- _Assigned task_
Go over these records and count the lines with the string "finite" in them; the count is all that should be returned.

- _Input records_
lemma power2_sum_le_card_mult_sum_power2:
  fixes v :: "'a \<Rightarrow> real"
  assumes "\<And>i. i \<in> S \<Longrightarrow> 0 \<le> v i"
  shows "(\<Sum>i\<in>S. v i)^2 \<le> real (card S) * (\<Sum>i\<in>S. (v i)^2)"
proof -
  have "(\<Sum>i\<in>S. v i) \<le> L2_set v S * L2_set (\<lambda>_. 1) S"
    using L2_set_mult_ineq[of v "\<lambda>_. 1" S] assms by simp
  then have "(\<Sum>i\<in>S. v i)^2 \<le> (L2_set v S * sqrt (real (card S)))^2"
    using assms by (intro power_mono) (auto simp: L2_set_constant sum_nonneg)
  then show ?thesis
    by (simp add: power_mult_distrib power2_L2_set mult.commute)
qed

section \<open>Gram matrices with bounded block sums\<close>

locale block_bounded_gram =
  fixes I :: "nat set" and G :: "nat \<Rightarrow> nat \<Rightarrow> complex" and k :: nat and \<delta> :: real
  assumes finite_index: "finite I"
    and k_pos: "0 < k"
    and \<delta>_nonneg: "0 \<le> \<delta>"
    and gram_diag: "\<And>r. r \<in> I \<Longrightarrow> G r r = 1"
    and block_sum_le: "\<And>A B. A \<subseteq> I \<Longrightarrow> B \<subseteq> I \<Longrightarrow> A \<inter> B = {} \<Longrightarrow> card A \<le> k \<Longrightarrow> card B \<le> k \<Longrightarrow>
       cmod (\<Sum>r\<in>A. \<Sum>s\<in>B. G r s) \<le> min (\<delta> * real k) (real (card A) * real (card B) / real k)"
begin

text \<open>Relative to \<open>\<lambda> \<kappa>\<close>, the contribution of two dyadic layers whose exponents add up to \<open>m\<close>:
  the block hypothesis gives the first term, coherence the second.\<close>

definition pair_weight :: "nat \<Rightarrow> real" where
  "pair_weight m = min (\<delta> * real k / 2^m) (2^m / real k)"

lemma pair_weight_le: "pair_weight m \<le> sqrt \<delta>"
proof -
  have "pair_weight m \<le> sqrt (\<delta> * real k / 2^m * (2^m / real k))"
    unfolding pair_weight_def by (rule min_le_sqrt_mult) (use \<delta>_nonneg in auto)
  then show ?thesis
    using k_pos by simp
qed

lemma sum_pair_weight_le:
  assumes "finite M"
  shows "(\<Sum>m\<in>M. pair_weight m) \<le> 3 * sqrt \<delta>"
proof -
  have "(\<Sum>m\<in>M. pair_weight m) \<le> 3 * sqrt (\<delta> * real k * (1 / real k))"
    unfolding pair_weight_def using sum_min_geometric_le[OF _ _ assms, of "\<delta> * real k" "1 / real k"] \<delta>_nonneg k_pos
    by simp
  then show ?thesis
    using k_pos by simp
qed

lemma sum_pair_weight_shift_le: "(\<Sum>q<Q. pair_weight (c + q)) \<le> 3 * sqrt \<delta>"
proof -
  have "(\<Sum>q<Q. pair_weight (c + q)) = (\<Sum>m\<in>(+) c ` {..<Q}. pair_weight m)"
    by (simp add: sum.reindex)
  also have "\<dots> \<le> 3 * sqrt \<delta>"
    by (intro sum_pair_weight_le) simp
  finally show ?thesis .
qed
...
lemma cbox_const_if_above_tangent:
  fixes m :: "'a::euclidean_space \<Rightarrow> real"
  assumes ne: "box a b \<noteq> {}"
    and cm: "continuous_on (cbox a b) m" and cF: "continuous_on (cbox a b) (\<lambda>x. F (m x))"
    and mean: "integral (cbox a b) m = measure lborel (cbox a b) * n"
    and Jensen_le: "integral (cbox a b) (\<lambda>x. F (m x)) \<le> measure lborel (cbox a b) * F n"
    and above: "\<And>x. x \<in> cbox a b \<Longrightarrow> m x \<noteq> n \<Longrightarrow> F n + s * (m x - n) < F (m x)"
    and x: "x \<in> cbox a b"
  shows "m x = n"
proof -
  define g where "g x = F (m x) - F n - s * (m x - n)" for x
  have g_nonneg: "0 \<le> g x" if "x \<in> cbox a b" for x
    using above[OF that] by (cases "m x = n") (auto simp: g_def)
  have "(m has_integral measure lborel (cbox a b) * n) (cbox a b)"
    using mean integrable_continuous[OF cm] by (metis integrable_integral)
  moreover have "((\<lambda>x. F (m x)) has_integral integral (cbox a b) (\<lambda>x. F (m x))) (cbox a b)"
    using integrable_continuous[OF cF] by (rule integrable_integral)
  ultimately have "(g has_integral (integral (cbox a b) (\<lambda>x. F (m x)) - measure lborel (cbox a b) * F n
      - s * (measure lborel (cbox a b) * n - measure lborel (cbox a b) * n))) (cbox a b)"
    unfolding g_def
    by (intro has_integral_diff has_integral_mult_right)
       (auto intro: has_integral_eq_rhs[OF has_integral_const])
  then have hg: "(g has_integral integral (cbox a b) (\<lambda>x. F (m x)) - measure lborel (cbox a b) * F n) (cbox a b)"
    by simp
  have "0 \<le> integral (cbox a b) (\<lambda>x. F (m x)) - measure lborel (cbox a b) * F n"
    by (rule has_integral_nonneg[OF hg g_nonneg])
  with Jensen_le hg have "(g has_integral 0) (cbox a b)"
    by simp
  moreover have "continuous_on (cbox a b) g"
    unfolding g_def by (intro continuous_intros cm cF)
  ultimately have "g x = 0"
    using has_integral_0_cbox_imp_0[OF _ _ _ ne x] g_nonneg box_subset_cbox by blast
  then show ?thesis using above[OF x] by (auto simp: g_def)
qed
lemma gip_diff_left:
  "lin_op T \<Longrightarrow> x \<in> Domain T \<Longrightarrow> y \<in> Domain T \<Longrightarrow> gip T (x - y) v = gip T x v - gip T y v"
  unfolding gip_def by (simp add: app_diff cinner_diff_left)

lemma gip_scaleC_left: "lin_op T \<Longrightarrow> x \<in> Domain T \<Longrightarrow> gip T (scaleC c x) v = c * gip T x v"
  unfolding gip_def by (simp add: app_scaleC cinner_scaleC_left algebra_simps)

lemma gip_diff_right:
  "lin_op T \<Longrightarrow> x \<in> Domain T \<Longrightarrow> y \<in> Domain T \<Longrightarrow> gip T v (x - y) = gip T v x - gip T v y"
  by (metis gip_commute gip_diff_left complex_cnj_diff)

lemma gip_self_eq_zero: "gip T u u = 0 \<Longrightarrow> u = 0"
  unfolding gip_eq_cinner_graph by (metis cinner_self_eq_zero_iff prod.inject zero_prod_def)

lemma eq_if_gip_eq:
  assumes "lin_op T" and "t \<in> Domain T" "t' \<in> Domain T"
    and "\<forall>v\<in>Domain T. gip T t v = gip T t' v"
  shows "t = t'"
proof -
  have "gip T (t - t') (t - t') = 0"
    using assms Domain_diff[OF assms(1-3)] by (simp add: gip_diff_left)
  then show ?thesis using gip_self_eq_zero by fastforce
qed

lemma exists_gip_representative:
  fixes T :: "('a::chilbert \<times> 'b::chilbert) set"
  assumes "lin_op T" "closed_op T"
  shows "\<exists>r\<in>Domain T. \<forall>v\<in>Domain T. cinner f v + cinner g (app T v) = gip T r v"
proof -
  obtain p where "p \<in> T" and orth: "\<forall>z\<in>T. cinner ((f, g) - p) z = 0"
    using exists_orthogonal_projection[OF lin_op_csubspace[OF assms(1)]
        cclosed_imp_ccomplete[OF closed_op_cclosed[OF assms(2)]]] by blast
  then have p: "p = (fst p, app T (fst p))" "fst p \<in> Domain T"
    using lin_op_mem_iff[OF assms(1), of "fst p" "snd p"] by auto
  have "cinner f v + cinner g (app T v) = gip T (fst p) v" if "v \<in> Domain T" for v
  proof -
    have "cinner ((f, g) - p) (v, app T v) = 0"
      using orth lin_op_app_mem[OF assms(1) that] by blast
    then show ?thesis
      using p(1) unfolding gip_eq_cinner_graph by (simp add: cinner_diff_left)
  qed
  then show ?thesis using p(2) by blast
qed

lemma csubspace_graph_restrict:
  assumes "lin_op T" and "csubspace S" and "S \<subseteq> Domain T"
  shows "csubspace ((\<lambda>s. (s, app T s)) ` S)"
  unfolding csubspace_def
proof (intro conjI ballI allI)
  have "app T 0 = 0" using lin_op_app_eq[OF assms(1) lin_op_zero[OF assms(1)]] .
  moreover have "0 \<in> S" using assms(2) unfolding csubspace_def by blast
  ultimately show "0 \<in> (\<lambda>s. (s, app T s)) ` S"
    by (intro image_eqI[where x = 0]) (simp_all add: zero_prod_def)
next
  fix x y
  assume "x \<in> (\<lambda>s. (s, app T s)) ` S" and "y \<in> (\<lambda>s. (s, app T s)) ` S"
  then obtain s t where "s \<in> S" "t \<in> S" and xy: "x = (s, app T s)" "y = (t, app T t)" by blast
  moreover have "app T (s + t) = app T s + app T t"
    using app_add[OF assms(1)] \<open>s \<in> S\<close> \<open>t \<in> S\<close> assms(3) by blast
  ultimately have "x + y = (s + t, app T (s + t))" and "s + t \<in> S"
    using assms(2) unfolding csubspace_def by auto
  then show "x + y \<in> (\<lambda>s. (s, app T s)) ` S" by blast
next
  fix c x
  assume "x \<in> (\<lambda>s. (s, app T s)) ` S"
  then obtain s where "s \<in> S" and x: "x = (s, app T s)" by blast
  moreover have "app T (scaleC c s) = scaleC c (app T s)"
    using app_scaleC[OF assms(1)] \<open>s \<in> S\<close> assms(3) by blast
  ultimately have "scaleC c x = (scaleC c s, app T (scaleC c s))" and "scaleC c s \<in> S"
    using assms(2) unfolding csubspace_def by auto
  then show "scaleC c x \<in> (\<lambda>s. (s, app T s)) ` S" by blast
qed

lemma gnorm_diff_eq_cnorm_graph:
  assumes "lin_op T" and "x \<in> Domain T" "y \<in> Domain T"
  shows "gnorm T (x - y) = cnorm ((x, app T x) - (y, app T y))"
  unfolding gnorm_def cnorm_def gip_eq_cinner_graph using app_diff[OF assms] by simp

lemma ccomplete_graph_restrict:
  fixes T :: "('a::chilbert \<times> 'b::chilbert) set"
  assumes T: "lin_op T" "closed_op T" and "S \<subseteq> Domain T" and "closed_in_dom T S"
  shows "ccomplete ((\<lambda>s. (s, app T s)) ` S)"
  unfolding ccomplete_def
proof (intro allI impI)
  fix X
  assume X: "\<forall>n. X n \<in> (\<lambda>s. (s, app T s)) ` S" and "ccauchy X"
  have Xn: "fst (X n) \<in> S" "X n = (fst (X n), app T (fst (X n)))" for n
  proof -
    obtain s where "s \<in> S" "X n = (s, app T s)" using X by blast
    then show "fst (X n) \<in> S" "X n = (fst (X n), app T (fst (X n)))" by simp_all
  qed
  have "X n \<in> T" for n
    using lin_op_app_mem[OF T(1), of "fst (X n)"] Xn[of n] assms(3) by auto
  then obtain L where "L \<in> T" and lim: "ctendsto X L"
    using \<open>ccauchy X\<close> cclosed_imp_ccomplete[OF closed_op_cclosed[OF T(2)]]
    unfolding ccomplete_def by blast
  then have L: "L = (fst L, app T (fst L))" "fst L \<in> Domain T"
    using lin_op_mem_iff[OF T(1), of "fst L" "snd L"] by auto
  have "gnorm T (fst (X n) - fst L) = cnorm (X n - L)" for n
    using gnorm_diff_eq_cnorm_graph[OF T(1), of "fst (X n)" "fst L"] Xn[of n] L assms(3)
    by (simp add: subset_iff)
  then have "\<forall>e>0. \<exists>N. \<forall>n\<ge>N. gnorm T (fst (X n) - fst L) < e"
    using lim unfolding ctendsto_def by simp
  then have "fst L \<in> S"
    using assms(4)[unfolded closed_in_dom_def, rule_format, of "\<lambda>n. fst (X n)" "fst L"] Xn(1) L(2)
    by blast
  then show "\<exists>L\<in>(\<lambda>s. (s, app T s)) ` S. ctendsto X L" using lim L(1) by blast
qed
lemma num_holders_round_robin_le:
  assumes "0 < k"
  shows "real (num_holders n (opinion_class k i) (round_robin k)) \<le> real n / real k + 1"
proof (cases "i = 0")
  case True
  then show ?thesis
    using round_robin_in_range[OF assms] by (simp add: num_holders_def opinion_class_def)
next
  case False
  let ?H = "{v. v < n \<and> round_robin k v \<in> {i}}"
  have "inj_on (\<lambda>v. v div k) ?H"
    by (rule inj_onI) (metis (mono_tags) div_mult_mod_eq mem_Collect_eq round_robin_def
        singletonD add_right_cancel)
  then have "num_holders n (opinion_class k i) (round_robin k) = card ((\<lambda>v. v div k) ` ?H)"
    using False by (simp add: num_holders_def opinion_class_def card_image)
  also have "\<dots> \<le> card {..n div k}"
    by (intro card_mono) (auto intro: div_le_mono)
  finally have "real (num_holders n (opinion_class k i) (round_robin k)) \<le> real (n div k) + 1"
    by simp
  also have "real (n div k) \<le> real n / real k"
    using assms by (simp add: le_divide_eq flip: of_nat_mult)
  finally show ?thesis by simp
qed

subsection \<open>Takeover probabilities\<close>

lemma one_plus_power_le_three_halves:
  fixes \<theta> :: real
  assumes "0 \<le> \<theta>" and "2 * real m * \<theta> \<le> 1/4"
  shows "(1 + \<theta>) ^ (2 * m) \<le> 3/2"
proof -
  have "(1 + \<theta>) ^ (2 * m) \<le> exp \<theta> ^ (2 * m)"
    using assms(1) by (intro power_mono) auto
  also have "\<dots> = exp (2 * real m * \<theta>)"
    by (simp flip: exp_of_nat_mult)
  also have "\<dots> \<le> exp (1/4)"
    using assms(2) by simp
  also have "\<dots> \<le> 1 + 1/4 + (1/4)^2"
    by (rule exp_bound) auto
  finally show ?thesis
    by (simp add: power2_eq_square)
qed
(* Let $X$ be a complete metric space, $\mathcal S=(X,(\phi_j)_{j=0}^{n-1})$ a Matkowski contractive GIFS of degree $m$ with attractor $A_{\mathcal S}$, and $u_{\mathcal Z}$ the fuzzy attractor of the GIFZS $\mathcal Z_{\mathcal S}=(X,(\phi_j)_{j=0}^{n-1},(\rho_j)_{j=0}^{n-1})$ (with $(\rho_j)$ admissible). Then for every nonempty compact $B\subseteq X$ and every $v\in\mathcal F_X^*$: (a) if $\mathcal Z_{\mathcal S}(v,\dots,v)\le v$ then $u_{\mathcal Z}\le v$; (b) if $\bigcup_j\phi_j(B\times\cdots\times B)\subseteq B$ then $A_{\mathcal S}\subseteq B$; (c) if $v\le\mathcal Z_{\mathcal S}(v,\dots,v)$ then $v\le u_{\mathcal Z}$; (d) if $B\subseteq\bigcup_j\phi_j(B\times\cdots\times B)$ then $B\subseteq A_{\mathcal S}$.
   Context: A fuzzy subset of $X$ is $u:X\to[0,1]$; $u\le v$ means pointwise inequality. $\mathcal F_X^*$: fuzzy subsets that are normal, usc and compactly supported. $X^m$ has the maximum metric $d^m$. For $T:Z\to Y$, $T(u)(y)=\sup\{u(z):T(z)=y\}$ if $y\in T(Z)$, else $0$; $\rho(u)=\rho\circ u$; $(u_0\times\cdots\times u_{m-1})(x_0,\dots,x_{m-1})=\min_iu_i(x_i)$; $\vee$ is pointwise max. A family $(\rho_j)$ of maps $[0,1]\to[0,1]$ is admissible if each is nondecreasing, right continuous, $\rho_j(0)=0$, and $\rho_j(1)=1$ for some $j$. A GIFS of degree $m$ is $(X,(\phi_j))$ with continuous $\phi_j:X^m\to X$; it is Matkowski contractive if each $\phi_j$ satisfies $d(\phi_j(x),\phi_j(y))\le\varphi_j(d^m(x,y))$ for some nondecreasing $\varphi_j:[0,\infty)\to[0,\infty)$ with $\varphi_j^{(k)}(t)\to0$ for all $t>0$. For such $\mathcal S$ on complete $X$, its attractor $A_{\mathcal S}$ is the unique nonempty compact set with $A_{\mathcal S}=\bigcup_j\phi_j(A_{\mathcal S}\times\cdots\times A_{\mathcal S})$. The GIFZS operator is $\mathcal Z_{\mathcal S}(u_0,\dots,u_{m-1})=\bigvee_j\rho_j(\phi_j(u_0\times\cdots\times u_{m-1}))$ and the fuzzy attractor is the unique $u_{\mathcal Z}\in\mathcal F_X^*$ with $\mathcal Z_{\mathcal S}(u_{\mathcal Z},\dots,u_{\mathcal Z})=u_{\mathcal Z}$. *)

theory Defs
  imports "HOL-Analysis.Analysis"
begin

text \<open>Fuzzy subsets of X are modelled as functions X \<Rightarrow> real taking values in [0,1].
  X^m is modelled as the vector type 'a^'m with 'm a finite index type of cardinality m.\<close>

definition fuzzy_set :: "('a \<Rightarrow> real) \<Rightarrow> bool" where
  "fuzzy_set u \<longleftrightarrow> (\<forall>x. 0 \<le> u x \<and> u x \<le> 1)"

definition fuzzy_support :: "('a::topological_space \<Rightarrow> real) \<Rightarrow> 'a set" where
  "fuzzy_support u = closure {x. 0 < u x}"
==
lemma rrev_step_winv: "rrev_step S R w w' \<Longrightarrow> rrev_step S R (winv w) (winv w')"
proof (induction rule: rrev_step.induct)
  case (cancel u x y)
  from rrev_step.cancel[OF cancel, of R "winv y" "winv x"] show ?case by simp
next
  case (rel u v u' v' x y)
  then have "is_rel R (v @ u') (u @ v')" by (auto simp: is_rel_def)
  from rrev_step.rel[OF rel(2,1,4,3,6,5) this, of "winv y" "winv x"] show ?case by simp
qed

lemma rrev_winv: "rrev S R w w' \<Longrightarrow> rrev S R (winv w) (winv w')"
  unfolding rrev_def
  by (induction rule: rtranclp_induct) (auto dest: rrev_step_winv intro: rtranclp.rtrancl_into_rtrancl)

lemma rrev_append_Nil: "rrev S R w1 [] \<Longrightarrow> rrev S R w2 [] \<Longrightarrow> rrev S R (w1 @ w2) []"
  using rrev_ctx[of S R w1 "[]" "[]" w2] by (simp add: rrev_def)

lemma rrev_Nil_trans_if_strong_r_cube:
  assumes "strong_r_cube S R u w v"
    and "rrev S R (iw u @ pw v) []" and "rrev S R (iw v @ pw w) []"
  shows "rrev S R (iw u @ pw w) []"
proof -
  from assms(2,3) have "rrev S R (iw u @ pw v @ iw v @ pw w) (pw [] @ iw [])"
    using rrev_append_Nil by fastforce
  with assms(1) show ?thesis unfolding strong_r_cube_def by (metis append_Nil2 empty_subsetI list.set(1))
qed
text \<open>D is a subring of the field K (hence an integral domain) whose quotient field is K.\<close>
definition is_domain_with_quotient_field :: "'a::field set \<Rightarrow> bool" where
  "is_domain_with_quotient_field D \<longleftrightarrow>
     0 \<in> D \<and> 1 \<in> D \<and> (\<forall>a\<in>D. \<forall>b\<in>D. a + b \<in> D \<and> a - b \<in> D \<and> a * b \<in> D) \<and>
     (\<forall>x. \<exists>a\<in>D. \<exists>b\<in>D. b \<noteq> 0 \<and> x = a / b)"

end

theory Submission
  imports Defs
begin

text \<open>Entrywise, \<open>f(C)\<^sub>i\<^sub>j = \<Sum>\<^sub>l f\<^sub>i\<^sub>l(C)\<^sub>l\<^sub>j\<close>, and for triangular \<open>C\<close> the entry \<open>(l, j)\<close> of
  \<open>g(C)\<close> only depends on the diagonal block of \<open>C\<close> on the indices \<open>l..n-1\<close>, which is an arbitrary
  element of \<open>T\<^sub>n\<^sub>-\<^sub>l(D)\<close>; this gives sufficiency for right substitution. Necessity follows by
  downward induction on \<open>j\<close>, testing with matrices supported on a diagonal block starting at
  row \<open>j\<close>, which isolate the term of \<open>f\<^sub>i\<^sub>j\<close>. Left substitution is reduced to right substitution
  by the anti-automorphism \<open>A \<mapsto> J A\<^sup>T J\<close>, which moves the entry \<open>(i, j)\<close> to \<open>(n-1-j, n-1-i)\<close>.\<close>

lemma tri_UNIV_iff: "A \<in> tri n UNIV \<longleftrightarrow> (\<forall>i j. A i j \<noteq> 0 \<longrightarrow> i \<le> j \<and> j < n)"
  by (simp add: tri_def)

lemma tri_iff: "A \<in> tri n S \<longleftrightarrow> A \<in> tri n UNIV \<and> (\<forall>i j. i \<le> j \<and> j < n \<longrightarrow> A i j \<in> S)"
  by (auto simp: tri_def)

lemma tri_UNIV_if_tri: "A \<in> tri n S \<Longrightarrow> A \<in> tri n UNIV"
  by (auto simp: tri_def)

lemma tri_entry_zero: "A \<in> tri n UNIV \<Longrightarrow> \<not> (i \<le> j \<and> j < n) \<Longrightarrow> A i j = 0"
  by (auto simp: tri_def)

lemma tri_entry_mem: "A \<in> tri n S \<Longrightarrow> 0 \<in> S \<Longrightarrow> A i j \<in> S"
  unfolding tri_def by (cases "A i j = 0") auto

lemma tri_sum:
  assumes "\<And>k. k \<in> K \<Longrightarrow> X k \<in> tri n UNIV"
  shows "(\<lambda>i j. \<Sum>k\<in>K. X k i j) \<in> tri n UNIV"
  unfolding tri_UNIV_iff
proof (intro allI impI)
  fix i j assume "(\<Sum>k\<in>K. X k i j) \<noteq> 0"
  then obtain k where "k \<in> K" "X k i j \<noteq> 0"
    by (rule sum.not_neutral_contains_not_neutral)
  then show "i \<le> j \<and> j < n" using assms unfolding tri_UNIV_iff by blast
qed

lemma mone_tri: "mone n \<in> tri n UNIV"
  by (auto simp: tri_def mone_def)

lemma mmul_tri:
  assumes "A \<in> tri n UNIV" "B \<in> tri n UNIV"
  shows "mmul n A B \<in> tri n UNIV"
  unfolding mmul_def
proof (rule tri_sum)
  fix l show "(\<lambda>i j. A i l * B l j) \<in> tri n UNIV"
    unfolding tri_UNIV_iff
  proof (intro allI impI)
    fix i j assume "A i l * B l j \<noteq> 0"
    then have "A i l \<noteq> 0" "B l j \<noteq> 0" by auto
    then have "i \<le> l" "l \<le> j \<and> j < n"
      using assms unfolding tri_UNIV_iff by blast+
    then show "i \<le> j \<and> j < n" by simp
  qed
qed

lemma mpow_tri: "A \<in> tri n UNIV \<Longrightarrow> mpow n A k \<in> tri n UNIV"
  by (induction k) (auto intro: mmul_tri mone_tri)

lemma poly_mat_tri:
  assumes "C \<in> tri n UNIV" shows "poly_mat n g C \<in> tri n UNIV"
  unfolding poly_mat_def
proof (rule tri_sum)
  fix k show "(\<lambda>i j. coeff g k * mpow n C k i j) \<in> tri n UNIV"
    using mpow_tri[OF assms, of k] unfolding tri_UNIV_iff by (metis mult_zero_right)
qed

- _Solution for this problem_
3